**What is needed**
Among the records below, find each line bearing the word "definition" and copy it.

Stored data entries:
———

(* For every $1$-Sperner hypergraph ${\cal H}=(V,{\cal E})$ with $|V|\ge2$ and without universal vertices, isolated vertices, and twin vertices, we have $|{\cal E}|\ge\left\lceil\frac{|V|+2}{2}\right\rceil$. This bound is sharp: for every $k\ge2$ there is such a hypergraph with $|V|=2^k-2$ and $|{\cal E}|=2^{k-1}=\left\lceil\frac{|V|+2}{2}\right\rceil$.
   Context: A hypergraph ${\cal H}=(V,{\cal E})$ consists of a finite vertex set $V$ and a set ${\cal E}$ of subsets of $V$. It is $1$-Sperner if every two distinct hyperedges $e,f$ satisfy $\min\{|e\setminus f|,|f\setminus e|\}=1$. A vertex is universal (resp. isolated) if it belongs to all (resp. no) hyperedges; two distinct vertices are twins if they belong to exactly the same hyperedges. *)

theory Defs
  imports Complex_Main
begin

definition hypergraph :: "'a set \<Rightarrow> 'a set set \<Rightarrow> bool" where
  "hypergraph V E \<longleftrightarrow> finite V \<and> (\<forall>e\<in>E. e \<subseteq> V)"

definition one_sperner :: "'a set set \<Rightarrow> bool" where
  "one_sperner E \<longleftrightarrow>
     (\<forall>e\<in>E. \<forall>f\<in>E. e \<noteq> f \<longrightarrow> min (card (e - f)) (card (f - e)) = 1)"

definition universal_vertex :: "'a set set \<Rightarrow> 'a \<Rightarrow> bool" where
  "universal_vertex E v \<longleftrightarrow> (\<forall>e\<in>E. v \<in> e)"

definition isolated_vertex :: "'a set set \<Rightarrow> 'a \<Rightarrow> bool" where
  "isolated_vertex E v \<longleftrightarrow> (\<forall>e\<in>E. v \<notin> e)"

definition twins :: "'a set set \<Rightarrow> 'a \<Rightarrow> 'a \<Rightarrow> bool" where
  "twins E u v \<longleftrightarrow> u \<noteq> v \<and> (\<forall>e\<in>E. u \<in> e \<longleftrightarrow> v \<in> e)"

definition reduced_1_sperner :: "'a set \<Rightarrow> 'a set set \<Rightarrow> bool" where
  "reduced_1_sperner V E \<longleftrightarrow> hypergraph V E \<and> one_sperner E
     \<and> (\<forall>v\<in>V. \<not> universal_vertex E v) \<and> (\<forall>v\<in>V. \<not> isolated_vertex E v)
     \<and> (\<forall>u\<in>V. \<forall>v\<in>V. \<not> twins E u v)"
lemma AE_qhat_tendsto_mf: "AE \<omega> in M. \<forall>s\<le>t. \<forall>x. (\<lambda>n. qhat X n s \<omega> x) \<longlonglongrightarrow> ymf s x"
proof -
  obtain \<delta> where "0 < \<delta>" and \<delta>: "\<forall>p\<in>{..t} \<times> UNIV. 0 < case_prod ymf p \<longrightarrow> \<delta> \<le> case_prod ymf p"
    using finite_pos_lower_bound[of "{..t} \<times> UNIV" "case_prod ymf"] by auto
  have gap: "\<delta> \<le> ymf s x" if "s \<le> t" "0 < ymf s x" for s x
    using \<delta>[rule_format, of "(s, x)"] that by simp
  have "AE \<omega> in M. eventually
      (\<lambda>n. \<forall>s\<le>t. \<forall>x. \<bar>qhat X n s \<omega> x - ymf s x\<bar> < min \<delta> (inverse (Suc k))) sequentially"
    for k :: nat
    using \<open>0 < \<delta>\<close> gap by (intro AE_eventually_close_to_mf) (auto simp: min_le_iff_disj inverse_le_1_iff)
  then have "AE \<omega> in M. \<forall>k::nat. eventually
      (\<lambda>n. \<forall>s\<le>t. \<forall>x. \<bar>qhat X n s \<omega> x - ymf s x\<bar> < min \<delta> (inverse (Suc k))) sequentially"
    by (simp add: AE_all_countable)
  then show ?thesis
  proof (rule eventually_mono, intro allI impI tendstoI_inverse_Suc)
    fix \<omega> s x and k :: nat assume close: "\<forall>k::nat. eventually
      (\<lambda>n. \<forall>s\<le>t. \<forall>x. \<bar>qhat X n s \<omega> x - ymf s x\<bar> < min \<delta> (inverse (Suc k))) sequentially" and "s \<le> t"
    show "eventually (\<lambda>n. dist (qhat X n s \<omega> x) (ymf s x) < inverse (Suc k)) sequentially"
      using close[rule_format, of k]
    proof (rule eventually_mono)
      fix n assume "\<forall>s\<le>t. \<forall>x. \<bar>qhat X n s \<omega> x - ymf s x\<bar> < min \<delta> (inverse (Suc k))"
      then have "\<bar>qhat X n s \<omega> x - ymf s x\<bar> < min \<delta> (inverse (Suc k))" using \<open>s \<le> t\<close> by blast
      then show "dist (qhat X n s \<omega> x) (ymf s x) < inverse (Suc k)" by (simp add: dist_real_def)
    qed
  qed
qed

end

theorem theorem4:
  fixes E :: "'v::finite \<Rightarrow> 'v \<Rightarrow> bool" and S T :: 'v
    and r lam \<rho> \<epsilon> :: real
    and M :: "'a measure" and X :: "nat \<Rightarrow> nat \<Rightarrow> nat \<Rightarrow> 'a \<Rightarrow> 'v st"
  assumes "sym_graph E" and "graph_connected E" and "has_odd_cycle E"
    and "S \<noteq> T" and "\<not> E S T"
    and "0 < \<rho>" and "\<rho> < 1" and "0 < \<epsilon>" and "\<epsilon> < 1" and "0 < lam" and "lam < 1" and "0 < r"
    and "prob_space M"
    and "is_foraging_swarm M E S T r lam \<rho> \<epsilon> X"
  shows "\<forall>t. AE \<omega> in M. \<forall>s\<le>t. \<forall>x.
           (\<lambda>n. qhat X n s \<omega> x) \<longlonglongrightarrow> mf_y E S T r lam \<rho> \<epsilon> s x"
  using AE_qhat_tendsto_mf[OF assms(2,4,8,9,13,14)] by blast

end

———

**Answer space**
definition hypergraph :: "'a set \<Rightarrow> 'a set set \<Rightarrow> bool" where
definition one_sperner :: "'a set set \<Rightarrow> bool" where
definition universal_vertex :: "'a set set \<Rightarrow> 'a \<Rightarrow> bool" where
definition isolated_vertex :: "'a set set \<Rightarrow> 'a \<Rightarrow> bool" where
definition twins :: "'a set set \<Rightarrow> 'a \<Rightarrow> 'a \<Rightarrow> bool" where
definition reduced_1_sperner :: "'a set \<Rightarrow> 'a set set \<Rightarrow> bool" where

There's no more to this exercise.